Verdacht auf Kinderpornografie: Staatsanwalt vernimmt SPD-Politiker Tauss fünf Stunden lang

Termin bei der Staatsanwaltschaft: Der SPD-Bundestagsabgeordnete Jörg Tauss hat erneut eingestanden, kinderpornografische Fotos und Filme besessen zu haben. Diese habe er aber nur für seine Arbeit genutzt. Die Ermittlungsbehörde kann diese Sicht nicht teilen.

Karlsruhe - "Die bisherige Einschätzung der Staatsanwaltschaft Karlsruhe zu seiner Einlassung besteht fort", sagte der Leitende Oberstaatsanwalt Gunter Spitz. Seine Behörde hatte bislang betont, die bei Jörg Tauss beschlagnahmten Fundstücke hätten nichts mit dessen Arbeit als Abgeordneter zu tun. Der unter Kinderporno-Verdacht stehende SPD-Bundestagsabgeordnete hatte zuvor eine umfassende Aussage vor der Staatsanwaltschaft Karlsruhe gemacht. Dabei räumte er erneut ein, Pornofotos und entsprechende Filme besessen zu haben. Dieses jedoch ausschließlich für seine Arbeit.

SPD-Politiker Tauss (Archiv): Umfassende Aussage vor Staatsanwaltschaft
REUTERS

SPD-Politiker Tauss (Archiv): Umfassende Aussage vor Staatsanwaltschaft

"Das Gespräch dauerte insgesamt fast fünf Stunden", sagte sein Anwalt Jan Mönikes Bild.de. Tauss sei auf alle Details umfassend eingegangen. "Es war ein sehr konstruktives Gespräch mit der Staatsanwaltschaft." Er habe den Eindruck, dass diese sich um "ein faires und schnelles Verfahren in dem aus meiner Sicht begrenzten Vorwurf" bemühe.

Mönikes ist sicher, dass sich sein Mandant nicht strafbar gemacht habe. "Das Strafgesetzbuch sagt ganz klar, dass Recherchen in diesem Bereich nicht strafbar sind, wenn sie ausschließlich zur Erfüllung rechtmäßiger, dienstlicher und beruflicher Pflichten dienen." Wenn sich Journalisten darauf beriefen, dann erst recht ein Abgeordneter, sagte er.
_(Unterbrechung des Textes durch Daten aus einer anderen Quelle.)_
(* Let $k \ge 1$ and $\epsilon > 0$. There does not exist a single-round asymmetric communication protocol with which, given any probability distribution $P$ with entropy $H$ over a set of $n$ possible messages, the server sends $O(n^{1/k - \epsilon})$ bits in the worst case and the client sends at most $kH + o(\log n)$ bits in the expected case (expectation over the client's message drawn from $P$).
   Context: Asymmetric communication problem: a server knows a probability distribution $P$ over a set of $n$ possible messages; a single client holds one message drawn according to $P$ and does not know $P$. The server must learn the client's message. A single-round protocol is one in which the server sends one transmission (which may depend on $P$) to the client, and the client then sends one transmission (depending on the server's transmission and its own message) from which the server must be able to recover the client's message. The entropy is $H = -\sum_x P(x)\log_2 P(x)$. Asymptotic notation $O(\cdot)$, $o(\cdot)$ is with respect to $n \to \infty$, with $k$ and $\epsilon$ fixed. *)

theory Defs
  imports Complex_Main "HOL-Library.Landau_Symbols"
begin

definition is_distribution :: "nat \<Rightarrow> (nat \<Rightarrow> real) \<Rightarrow> bool" where
  "is_distribution n P \<longleftrightarrow>
     (\<forall>x. 0 \<le> P x) \<and> (\<forall>x. n \<le> x \<longrightarrow> P x = 0) \<and> (\<Sum>x<n. P x) = 1"

text \<open>Shannon entropy in bits (note log 2 0 = 0 in Isabelle, so 0 log 0 = 0).\<close>

definition entropy :: "nat \<Rightarrow> (nat \<Rightarrow> real) \<Rightarrow> real" where
  "entropy n P = - (\<Sum>x<n. P x * log 2 (P x))"

text \<open>A single-round protocol: the server, knowing n and P, sends S n P;
  the client, knowing n, the server's transmission and its message x,
  replies C n s x; the server decodes with D n P s c (it knows P and what it sent).\<close>

definition single_round_protocol ::
  "(nat \<Rightarrow> (nat \<Rightarrow> real) \<Rightarrow> bool list) \<Rightarrow>
   (nat \<Rightarrow> bool list \<Rightarrow> nat \<Rightarrow> bool list) \<Rightarrow>
   (nat \<Rightarrow> (nat \<Rightarrow> real) \<Rightarrow> bool list \<Rightarrow> bool list \<Rightarrow> nat) \<Rightarrow> bool" where
  "single_round_protocol S C D \<longleftrightarrow>
     (\<forall>n P. is_distribution n P \<longrightarrow>
        (\<forall>x<n. 0 < P x \<longrightarrow> D n P (S n P) (C n (S n P) x) = x))"

end

theory Submission
  imports Defs "HOL-Real_Asymp.Real_Asymp"
begin

text \<open>
  For a set A of a messages let P_A put mass 1/(a+1) on each element of A and spread the
  remaining mass 1/(a+1) evenly over the other n - a messages. Since P_A has full support, the
  client's code for the server's message s = S n P_A is injective on all n messages, so an a-tuple
  of distinct messages is determined by s together with the codewords of its entries, whose total
  length is at most (a+1) (k H(P_A) + g n) \<le> k (a log2 (2a) + 2 log2 n) + (a+1) g n =: \<Lambda>.
  Weighting codewords by z ^ length with 0 < z < 1/2 (an injective code has total weight at most
  1 / (1 - 2 z)) and counting the at least (n - a) ^ a tuples against the at most 2 ^ (K+1) server
  messages of length at most K gives
    a ln (n - a) \<le> \<Lambda> ln (1/z) + (K + 1) ln 2 + a ln (1 / (1 - 2 z)).
  Take n = m ^ (k q), a = m ^ (q - 2) and z = (1 - 1/m) / 2, with q so large that the server's
  budget n ^ (1/k - \<epsilon>) is at most a. Dividing by a ln m, the left side tends to k q and the
  right side to k (q - 2) + ln 2 + 1, which is smaller since k \<ge> 1.
\<close>

lemma sum_prod_list_lists_length:
  fixes w :: "'a \<Rightarrow> 'b::comm_semiring_1"
  assumes "finite B"
  shows "(\<Sum>xs | set xs \<subseteq> B \<and> length xs = a. prod_list (map w xs)) = (\<Sum>x\<in>B. w x) ^ a"
proof (induction a)
  case 0
  have "{xs. set xs \<subseteq> B \<and> length xs = 0} = {[]}" by auto
  then show ?case by simp
next
  case (Suc a)
  have "inj_on (\<lambda>(xs, x). x # xs) ({xs. set xs \<subseteq> B \<and> length xs = a} \<times> B)"
    by (rule inj_onI) auto
  then have "(\<Sum>xs | set xs \<subseteq> B \<and> length xs = Suc a. prod_list (map w xs))
      = (\<Sum>(xs, x) \<in> {xs. set xs \<subseteq> B \<and> length xs = a} \<times> B. w x * prod_list (map w xs))"
    unfolding lists_length_Suc_eq by (subst sum.reindex) (simp_all add: case_prod_beta)
  also have "\<dots> = (\<Sum>xs | set xs \<subseteq> B \<and> length xs = a. prod_list (map w xs)) * (\<Sum>x\<in>B. w x)"
    by (simp add: sum.cartesian_product[symmetric] sum_distrib_left sum_distrib_right mult.commute)
  finally show ?case using Suc by (simp add: mult.commute)
qed

lemma sum_power_length_bool_lists:
  fixes z :: "'a::comm_semiring_1"
  shows "(\<Sum>w::bool list | length w \<le> K. z ^ length w) = (\<Sum>j\<le>K. (2 * z) ^ j)"
proof -
  have fin: "finite {w::bool list. length w = j}" for j
    using finite_lists_length_eq[of "UNIV :: bool set" j] by simp
  have by_length: "{w::bool list. length w \<le> K} = (\<Union>j\<le>K. {w. length w = j})" by auto
  have "(\<Sum>w::bool list | length w \<le> K. z ^ length w) = (\<Sum>j\<le>K. \<Sum>w::bool list | length w = j. z ^ j)"
    unfolding by_length using fin by (subst sum.UNION_disjoint) auto
  also have "\<dots> = (\<Sum>j\<le>K. (2 * z) ^ j)"
    using card_lists_length_eq[of "UNIV :: bool set"] by (simp add: power_mult_distrib)
  finally show ?thesis .
qed

lemma card_bool_lists_length_le: "card {w::bool list. length w \<le> K} < 2 ^ Suc K"
proof -
  have "card {w::bool list. length w \<le> K} = (\<Sum>j\<le>K. 2 ^ j)"
    using card_lists_length_le[of "UNIV :: bool set" K] by simp
  also have "\<dots> < 2 ^ Suc K" by (induction K) auto
  finally show ?thesis .
qed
Tauss hatte im Zusammenhang mit den gegen ihn erhobenen Vorwürfen um den Besitz von Kinderpornografie Fehler eingeräumt. Er habe Kontakt zur pädophilen Szene aufgenommen, um Erkenntnisse über den Vertrieb kinderpornografischen Materials zu erhalten und sich solches dafür auch zusenden lassen. Dies habe er aber nur für seine politische Arbeit getan.

Kandidiert Tauss erneut für den Bundestag?

Weiterhin unklar ist, ob der 55-Jährige am 27. September erneut für den Bundestag kandidiert. Der frühere Generalsekretär der Südwest-SPD steht auf der Landesliste auf dem aussichtsreichen Platz sieben. In Teilen der Südwest-SPD wird Tauss wegen der Affäre im Superwahljahr für die Partei als untragbar angesehen. Der rechtspolitische Sprecher der SPD-Landtagsfraktion, Rainer Stickelberger, hatte sogar erklärt, Tauss solle "möglichst schnell" sein Bundestagsmandat niederlegen.

Ein Parteisprecher sagte der dpa, "man erwartet, dass er sich diese Woche erklärt, wie es weitergeht". Noch vor kurzem hatte SPD-Landeschefin Ute Vogt gesagt, Tauss solle bis Ostern Zeit haben, eine Entscheidung zu treffen.